- _YOUR OBJECTIVE_: From the data below, report how many lines contain the word "obtains", giving the number and nothing else.

- _DATA FOR ANALYSIS_:

====

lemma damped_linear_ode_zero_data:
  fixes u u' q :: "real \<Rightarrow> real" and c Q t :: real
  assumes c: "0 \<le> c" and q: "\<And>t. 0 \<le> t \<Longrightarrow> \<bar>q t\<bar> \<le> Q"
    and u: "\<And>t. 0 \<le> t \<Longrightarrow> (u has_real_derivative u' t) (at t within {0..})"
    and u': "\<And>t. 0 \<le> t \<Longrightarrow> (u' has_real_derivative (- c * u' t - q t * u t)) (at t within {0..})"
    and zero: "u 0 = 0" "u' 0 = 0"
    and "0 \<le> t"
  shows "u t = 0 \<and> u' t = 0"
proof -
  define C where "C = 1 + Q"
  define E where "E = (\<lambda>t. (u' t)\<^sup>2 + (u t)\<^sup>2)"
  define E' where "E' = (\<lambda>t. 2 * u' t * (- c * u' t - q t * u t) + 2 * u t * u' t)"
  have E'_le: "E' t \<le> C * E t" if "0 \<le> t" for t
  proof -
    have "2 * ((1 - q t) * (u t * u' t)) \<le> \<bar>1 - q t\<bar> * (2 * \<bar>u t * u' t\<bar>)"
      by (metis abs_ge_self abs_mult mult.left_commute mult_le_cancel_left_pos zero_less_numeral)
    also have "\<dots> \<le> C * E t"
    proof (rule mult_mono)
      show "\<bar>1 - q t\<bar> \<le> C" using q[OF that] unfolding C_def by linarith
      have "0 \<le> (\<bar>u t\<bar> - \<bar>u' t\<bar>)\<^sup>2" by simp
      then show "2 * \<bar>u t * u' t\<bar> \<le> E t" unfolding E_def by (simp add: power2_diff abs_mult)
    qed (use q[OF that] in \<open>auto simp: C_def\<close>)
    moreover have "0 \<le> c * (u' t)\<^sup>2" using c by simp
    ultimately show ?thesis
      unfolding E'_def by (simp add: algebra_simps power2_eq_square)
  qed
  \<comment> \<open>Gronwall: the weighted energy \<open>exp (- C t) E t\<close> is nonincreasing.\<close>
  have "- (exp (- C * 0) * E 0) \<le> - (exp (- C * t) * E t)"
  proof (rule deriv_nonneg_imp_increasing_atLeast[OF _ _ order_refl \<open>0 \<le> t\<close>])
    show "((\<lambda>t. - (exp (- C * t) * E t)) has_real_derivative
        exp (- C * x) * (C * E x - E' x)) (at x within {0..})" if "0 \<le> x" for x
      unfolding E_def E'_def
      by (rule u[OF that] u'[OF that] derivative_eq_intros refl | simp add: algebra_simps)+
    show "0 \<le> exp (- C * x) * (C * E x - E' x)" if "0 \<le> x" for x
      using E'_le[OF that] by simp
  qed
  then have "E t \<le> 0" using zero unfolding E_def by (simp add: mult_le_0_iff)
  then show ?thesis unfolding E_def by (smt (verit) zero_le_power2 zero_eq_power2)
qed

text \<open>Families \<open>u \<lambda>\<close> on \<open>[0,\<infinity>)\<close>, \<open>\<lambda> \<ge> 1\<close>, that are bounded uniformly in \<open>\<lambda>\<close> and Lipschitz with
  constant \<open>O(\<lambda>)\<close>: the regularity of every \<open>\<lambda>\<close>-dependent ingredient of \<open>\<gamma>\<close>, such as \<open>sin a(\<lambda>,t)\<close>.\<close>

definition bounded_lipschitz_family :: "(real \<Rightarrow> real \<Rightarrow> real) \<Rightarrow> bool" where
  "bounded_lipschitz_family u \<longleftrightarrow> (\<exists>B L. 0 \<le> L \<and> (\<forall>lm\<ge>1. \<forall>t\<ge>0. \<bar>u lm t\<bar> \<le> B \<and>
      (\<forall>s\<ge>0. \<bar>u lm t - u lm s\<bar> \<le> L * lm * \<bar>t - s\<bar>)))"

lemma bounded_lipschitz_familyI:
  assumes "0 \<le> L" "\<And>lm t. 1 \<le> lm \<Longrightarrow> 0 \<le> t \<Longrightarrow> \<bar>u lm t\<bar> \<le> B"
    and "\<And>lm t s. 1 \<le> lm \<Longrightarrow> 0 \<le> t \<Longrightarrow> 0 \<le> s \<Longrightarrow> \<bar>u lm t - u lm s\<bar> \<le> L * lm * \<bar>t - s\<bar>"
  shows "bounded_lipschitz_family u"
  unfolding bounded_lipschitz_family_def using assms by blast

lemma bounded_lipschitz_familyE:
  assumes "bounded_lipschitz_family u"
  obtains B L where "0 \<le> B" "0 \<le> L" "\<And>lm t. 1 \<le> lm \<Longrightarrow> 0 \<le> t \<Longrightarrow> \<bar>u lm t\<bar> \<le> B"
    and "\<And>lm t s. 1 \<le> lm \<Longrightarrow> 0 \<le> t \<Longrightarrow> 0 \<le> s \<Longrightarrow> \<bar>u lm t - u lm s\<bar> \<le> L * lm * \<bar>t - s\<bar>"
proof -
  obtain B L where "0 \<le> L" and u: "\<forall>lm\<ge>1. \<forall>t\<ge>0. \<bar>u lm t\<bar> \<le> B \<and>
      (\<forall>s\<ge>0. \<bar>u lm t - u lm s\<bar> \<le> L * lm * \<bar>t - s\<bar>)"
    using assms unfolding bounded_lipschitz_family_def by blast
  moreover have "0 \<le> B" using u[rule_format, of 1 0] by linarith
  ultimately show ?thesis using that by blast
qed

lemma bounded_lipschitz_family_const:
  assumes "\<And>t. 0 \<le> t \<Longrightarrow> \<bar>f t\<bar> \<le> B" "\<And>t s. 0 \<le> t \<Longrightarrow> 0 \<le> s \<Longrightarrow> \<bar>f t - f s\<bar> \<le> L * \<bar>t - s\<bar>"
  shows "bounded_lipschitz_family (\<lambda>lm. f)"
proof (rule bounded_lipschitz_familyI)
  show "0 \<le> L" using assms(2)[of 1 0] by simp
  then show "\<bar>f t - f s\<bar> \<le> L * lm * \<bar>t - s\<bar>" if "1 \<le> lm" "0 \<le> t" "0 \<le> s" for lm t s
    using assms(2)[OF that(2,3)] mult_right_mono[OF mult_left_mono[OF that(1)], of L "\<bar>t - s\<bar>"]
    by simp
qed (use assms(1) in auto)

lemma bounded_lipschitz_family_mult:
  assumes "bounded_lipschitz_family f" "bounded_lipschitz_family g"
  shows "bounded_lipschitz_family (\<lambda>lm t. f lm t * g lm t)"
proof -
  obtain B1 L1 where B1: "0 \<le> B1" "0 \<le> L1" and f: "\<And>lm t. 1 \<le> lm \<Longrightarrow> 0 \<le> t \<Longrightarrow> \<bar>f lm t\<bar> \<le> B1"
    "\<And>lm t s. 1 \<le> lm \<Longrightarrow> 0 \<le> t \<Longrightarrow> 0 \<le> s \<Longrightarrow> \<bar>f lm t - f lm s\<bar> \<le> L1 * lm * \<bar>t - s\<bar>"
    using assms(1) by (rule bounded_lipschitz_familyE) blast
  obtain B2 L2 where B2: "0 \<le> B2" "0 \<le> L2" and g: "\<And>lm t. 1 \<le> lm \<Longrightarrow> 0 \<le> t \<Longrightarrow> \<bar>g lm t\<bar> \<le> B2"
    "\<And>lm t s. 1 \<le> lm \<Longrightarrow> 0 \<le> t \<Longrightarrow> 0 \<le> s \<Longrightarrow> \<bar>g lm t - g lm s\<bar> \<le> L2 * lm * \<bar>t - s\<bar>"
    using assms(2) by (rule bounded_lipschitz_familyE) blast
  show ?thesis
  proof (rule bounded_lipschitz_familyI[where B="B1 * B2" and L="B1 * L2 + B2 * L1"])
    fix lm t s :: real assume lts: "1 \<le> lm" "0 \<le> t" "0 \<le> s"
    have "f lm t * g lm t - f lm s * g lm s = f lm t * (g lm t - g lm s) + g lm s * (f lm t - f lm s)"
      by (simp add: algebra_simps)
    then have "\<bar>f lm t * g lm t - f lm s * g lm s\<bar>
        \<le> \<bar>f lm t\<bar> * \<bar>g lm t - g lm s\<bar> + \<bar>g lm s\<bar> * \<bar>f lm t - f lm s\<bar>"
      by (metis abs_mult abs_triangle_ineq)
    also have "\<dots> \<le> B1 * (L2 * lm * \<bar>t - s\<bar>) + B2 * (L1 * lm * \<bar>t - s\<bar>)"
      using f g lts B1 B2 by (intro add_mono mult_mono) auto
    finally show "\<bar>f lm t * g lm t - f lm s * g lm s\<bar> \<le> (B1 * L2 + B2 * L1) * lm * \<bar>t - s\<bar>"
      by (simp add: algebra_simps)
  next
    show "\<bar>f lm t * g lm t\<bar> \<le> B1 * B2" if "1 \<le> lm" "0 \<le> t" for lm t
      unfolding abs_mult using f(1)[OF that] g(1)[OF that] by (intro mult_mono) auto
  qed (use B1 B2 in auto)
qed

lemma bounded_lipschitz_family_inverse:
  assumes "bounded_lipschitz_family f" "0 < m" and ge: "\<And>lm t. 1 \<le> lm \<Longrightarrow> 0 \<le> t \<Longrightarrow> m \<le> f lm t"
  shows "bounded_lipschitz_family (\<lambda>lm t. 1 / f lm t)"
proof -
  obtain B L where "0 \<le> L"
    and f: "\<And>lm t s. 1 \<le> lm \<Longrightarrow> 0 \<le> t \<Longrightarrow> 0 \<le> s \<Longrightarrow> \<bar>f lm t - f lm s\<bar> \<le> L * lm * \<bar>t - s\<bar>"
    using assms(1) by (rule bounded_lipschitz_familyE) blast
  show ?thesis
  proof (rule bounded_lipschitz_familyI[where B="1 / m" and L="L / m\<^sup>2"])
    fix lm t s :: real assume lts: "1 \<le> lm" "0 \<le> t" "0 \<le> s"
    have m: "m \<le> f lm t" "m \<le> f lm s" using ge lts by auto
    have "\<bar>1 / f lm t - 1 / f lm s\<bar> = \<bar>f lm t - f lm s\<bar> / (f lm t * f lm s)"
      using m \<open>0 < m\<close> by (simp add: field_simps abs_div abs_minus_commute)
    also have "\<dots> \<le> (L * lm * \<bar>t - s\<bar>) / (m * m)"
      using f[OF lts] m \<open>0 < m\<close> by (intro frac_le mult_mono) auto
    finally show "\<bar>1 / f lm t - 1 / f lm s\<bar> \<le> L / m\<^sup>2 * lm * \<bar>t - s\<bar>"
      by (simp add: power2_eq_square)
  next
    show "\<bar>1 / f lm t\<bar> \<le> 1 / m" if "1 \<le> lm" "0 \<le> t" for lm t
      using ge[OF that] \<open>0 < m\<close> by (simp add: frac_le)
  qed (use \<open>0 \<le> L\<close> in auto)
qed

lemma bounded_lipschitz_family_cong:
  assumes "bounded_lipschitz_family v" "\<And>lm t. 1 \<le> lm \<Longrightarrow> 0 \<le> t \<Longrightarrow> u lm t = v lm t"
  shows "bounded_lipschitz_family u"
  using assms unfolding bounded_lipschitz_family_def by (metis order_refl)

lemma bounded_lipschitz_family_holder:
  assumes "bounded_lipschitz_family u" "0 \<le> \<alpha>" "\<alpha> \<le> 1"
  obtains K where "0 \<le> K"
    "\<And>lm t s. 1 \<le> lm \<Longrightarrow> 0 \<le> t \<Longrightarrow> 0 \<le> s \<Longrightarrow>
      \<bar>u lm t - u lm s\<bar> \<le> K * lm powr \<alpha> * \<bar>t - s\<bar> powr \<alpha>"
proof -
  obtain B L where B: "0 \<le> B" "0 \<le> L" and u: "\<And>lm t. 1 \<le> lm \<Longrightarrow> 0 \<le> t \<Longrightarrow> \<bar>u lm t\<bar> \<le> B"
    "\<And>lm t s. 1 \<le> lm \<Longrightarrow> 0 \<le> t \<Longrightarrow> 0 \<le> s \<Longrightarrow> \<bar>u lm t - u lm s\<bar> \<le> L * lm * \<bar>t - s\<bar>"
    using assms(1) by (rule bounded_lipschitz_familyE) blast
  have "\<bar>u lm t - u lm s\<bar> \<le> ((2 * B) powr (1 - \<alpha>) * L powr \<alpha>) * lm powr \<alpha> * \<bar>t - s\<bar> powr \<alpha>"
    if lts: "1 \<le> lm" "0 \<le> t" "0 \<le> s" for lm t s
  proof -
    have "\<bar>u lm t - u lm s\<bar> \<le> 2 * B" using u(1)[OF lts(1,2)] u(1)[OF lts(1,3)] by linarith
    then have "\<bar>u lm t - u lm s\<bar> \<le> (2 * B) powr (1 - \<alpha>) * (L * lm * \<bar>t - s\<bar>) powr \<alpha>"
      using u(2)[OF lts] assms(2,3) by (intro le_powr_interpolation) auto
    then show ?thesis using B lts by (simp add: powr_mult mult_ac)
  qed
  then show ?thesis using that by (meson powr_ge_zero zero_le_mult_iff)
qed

====

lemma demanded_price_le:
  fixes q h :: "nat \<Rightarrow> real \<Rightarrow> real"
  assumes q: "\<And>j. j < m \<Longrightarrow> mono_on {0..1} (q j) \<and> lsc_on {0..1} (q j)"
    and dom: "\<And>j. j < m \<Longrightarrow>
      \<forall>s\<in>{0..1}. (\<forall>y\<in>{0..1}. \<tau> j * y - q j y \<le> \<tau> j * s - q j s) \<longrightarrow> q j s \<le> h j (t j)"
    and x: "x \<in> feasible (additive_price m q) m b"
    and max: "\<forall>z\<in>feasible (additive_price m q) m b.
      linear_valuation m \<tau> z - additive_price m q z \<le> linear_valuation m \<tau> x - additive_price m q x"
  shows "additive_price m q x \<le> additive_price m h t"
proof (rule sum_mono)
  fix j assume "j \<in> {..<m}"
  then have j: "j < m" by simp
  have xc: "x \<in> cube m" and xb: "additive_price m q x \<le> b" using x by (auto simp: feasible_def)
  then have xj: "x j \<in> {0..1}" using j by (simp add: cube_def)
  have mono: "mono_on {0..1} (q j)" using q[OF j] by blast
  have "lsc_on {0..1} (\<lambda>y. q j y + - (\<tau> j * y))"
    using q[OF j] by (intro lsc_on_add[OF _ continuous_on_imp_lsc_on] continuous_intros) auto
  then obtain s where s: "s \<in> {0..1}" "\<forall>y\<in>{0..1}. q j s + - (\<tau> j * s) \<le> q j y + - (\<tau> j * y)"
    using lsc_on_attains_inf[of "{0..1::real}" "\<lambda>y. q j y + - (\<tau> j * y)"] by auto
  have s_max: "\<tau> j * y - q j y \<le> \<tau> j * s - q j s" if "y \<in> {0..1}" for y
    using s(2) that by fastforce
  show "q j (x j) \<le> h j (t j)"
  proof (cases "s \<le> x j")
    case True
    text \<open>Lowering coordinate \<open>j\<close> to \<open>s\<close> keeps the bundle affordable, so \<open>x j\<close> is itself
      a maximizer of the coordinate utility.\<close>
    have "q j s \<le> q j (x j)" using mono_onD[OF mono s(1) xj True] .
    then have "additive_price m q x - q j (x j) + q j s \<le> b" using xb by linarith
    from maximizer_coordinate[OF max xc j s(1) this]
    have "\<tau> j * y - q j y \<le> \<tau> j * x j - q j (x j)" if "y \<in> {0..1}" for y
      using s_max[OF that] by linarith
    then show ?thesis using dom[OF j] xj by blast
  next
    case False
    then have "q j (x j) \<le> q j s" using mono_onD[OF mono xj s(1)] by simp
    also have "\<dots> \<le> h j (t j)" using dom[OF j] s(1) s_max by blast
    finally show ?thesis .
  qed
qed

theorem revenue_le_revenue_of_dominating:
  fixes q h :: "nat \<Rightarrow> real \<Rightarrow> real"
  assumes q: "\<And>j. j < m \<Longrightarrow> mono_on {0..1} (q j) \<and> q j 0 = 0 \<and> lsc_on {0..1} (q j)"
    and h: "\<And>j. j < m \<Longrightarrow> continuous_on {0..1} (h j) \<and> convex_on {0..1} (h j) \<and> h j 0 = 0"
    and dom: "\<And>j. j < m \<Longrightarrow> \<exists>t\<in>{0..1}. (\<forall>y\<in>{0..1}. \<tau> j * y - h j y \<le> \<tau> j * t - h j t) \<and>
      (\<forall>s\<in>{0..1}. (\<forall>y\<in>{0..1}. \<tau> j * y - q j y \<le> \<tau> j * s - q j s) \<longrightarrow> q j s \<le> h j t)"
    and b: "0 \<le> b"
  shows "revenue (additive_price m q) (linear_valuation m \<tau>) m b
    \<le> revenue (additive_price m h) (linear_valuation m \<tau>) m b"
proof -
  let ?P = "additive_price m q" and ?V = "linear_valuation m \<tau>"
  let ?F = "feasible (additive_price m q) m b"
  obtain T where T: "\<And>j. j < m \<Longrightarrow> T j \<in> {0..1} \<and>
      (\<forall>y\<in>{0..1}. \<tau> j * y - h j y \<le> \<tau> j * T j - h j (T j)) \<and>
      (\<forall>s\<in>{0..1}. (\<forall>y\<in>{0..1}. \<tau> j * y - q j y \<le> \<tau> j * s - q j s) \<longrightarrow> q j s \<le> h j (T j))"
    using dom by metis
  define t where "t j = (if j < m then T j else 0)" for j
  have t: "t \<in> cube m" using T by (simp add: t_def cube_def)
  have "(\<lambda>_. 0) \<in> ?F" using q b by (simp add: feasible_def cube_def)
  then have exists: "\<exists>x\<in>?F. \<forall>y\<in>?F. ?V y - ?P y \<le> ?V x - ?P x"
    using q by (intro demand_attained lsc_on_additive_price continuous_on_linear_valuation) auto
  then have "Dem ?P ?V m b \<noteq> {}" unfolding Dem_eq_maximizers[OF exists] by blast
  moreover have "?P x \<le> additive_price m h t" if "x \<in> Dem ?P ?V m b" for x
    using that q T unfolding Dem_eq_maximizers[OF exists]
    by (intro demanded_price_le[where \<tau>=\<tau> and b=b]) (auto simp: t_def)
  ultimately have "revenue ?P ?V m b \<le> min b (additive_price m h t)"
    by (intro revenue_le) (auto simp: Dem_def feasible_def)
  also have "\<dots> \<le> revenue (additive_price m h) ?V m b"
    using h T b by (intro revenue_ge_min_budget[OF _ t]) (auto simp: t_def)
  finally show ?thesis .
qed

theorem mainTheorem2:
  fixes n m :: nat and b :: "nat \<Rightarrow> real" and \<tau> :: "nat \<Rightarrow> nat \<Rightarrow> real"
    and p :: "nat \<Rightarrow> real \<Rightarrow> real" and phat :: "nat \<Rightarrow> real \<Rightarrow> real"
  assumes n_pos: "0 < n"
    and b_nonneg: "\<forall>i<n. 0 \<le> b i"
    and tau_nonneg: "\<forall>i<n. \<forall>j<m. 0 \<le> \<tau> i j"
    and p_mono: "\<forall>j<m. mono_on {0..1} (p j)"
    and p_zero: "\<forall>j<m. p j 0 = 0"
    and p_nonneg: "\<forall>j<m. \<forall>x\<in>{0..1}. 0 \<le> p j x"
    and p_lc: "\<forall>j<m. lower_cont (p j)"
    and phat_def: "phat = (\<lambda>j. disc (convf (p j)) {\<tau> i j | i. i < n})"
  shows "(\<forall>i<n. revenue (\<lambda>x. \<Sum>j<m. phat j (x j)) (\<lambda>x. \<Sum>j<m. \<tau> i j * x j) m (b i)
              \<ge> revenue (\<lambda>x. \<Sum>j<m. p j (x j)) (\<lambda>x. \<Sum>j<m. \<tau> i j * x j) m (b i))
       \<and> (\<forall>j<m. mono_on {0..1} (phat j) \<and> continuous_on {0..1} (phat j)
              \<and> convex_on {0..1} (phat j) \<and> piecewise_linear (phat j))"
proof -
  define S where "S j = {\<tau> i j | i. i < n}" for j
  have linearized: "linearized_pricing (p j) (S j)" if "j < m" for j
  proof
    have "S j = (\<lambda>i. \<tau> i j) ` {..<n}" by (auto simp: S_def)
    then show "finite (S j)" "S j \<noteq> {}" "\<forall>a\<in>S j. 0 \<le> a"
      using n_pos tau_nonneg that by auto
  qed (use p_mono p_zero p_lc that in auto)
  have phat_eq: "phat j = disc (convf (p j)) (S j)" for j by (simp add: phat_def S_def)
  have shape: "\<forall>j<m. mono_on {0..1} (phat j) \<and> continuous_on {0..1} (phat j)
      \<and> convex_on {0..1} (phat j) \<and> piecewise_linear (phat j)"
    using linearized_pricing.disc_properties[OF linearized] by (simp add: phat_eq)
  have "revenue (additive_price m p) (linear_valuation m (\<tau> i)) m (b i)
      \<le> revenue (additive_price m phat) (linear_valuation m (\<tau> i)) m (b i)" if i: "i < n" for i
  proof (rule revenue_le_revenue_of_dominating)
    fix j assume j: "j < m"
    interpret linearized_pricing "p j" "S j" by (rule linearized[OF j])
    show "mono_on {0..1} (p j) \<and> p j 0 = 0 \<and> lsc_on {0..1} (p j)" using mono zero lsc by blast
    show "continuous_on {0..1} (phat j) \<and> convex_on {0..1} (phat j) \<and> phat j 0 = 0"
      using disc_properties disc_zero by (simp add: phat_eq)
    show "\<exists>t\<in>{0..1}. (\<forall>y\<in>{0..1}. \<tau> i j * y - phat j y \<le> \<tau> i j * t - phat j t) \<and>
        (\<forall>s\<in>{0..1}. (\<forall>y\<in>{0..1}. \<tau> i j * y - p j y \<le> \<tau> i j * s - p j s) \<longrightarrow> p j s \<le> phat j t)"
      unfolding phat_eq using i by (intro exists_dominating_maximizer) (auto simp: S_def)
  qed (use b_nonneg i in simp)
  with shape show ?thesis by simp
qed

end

====

- _EXERCISE ANSWER_: 2